Task details:
In the entries that follow, which lines hold the string "subst"? List them.

(Dataset entries)
# # # #
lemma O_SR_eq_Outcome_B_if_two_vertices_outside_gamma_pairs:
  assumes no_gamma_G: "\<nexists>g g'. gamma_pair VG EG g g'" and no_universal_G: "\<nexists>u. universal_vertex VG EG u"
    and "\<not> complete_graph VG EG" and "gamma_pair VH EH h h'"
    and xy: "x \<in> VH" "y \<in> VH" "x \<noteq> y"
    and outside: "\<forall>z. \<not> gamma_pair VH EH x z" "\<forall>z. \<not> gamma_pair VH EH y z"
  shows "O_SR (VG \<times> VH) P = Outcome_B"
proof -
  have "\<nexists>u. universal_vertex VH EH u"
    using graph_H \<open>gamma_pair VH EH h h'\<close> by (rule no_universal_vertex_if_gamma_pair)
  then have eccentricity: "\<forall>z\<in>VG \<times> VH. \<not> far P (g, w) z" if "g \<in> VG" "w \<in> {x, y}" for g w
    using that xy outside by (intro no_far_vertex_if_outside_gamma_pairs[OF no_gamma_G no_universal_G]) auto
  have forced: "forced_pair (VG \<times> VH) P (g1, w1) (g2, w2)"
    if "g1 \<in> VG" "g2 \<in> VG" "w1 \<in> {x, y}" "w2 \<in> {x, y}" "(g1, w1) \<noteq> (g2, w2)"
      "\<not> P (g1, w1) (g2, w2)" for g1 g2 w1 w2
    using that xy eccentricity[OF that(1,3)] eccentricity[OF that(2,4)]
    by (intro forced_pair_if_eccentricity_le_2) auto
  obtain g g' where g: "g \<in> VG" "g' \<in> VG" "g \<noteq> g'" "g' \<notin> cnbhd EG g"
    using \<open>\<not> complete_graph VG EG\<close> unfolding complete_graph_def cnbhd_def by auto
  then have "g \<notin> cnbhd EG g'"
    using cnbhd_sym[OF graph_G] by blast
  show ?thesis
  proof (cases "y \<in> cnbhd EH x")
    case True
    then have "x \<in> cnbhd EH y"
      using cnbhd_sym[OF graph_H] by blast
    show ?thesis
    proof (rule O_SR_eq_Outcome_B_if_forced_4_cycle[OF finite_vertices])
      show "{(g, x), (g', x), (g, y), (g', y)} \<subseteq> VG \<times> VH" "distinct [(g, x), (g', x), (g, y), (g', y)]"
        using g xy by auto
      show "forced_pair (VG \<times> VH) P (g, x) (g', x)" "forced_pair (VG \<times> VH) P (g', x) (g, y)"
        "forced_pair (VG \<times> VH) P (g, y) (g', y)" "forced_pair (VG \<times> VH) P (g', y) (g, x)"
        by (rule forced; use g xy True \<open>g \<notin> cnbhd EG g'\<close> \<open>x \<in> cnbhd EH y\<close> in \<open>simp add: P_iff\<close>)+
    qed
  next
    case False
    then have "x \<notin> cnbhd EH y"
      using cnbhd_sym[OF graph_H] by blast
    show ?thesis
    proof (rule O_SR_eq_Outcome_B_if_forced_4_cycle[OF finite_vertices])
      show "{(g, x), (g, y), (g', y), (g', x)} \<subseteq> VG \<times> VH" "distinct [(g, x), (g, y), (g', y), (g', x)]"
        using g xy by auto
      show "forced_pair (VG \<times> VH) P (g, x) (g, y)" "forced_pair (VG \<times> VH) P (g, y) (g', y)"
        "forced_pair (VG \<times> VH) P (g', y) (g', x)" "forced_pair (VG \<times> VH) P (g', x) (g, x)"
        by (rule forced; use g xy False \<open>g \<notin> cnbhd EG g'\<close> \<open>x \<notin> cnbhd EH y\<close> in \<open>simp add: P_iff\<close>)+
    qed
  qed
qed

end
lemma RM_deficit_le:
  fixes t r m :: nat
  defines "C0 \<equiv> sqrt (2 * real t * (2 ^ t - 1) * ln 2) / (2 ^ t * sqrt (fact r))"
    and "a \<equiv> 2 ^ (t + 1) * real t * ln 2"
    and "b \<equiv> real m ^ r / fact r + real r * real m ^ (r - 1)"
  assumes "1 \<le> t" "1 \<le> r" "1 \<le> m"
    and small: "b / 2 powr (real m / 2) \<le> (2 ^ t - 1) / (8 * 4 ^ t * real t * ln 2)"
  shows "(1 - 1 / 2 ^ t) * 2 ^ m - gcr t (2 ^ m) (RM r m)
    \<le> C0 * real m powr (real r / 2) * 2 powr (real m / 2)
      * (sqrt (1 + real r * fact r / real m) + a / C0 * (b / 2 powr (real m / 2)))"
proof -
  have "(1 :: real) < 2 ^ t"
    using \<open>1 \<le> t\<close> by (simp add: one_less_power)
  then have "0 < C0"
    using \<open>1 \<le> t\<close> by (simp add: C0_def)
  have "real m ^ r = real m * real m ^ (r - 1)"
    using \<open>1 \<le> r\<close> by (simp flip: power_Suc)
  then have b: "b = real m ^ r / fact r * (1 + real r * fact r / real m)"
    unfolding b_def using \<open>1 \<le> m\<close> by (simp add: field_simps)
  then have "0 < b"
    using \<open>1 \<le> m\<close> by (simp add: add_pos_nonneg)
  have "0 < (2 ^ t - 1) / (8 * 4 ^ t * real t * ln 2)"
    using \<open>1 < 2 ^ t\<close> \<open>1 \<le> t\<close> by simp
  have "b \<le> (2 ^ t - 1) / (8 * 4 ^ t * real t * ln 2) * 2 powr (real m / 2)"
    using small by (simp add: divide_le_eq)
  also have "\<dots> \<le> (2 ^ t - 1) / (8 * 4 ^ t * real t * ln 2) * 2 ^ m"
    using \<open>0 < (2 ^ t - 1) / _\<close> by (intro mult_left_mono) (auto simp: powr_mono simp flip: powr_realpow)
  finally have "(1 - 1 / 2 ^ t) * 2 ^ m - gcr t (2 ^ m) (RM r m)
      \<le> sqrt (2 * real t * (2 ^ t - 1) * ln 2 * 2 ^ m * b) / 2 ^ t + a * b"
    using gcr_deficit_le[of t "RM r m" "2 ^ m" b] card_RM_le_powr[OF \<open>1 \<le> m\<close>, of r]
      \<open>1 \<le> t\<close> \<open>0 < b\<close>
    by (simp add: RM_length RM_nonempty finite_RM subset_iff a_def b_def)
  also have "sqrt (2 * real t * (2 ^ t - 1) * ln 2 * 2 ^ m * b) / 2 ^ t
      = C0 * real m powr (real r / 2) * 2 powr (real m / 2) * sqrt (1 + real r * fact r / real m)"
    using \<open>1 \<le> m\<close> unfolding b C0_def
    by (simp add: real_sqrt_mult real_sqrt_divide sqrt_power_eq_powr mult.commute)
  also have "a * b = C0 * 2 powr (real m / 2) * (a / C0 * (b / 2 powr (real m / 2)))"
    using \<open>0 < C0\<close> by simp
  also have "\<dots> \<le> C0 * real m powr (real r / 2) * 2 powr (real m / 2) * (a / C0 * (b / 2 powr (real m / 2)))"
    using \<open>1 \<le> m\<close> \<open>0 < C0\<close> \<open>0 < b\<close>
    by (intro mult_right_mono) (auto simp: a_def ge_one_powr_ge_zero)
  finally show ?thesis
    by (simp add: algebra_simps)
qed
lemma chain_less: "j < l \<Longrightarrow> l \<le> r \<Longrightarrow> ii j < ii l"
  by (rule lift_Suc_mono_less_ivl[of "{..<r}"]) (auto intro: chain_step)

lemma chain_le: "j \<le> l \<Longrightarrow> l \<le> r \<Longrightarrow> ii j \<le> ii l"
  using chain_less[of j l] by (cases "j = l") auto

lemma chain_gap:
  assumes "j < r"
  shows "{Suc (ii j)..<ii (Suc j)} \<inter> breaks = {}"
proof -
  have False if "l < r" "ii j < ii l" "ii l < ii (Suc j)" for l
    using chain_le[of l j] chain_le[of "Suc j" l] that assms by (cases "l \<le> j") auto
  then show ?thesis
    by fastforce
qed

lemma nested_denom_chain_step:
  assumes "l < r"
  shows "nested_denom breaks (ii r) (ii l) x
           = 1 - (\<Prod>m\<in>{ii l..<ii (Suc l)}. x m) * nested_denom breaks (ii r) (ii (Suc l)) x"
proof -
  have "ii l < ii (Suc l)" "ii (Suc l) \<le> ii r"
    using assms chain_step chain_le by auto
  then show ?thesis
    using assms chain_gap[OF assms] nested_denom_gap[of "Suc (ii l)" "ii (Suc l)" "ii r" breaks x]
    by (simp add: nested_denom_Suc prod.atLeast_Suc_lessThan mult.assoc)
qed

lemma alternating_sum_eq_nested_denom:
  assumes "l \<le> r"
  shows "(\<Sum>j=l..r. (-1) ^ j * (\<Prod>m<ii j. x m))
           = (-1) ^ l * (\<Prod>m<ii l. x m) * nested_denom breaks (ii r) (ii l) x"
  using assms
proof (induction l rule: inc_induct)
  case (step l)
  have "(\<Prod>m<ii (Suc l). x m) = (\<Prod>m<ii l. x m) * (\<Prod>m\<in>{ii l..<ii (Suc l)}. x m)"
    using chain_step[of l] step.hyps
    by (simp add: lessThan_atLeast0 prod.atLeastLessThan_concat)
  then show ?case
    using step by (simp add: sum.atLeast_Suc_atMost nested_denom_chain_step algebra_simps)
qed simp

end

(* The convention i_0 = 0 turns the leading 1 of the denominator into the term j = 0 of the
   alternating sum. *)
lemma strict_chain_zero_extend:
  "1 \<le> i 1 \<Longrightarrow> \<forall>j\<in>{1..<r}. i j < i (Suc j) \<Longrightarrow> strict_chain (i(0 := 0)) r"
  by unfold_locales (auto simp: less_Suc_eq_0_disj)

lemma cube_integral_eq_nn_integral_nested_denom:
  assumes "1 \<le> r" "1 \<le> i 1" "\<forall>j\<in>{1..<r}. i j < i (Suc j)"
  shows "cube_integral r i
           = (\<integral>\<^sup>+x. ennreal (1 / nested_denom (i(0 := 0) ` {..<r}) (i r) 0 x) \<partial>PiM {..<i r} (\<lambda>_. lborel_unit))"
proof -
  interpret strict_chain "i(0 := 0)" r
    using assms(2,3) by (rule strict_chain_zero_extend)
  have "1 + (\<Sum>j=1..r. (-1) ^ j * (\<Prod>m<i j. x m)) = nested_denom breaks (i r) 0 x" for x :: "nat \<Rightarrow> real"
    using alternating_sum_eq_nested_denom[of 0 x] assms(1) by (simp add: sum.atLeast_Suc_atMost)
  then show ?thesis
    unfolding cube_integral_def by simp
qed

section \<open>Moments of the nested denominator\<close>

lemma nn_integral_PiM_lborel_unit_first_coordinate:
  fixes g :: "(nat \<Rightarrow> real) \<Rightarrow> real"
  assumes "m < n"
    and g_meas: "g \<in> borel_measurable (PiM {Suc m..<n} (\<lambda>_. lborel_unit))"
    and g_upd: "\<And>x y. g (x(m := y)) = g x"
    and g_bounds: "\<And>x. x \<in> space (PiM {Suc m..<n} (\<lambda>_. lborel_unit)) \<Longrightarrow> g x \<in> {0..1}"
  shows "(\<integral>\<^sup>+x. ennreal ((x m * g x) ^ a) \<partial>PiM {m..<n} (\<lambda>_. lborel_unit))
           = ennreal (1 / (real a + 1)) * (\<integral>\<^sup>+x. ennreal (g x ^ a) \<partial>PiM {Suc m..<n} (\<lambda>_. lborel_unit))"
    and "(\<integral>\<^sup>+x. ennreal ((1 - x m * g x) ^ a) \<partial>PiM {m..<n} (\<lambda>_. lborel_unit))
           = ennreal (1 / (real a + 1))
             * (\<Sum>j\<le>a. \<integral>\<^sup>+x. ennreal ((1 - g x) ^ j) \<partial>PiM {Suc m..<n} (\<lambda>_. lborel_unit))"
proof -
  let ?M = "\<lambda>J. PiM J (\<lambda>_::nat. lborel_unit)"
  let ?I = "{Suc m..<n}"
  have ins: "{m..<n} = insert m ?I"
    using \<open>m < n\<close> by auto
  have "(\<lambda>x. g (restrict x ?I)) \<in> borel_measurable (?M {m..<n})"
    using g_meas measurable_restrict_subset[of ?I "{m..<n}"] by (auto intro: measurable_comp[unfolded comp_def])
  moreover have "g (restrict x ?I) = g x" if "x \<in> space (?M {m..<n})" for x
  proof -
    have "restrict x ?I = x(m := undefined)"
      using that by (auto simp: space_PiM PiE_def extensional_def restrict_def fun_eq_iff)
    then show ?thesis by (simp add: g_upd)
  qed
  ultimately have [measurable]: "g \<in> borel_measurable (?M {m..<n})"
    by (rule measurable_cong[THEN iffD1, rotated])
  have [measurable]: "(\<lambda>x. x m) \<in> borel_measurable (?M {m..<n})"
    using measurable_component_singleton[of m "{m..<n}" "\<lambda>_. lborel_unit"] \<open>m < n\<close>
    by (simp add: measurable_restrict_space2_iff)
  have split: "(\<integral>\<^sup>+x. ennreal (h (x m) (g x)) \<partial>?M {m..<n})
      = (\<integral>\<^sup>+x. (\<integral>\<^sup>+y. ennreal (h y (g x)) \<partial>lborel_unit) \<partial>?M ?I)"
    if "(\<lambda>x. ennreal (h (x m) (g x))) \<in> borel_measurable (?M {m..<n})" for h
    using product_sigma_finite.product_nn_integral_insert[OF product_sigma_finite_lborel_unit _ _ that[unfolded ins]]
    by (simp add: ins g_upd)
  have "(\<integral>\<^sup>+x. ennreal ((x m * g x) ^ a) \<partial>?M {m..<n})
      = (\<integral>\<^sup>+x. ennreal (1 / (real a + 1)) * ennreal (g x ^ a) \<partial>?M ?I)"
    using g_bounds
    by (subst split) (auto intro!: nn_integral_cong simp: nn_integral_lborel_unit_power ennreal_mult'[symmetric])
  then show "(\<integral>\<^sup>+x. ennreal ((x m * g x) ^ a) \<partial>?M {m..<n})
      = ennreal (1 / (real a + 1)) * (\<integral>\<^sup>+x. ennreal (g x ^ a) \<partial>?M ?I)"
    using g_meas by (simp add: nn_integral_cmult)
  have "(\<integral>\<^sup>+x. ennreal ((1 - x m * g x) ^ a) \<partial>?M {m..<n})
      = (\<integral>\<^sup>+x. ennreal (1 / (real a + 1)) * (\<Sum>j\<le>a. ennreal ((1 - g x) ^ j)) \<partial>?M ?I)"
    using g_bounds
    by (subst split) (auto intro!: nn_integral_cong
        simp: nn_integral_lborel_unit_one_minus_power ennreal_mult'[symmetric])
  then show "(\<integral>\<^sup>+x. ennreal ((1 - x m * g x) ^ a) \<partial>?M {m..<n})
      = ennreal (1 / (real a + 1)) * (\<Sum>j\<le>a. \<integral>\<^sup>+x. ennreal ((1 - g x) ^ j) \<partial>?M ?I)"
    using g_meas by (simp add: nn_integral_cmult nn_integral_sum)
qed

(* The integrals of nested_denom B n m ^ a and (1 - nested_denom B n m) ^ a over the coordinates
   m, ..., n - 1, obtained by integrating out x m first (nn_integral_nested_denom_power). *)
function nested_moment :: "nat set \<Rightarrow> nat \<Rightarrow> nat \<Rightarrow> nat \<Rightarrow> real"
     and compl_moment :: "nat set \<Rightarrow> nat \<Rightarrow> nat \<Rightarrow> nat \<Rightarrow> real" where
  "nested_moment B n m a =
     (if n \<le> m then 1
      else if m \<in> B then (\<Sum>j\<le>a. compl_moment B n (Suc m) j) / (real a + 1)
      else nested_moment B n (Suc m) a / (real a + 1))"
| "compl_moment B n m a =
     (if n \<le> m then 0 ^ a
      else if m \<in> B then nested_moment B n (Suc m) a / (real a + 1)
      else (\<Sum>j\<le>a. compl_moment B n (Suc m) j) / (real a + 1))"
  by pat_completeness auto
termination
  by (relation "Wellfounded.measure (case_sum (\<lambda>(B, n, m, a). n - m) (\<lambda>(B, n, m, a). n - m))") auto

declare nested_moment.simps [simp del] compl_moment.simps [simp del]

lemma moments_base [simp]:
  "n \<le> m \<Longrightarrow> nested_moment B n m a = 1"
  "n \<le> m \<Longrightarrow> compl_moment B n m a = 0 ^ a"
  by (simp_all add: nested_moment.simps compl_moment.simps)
# # # #
Response to this task:
    by (subst split) (auto intro!: nn_integral_cong simp: nn_integral_lborel_unit_power ennreal_mult'[symmetric])
    by (subst split) (auto intro!: nn_integral_cong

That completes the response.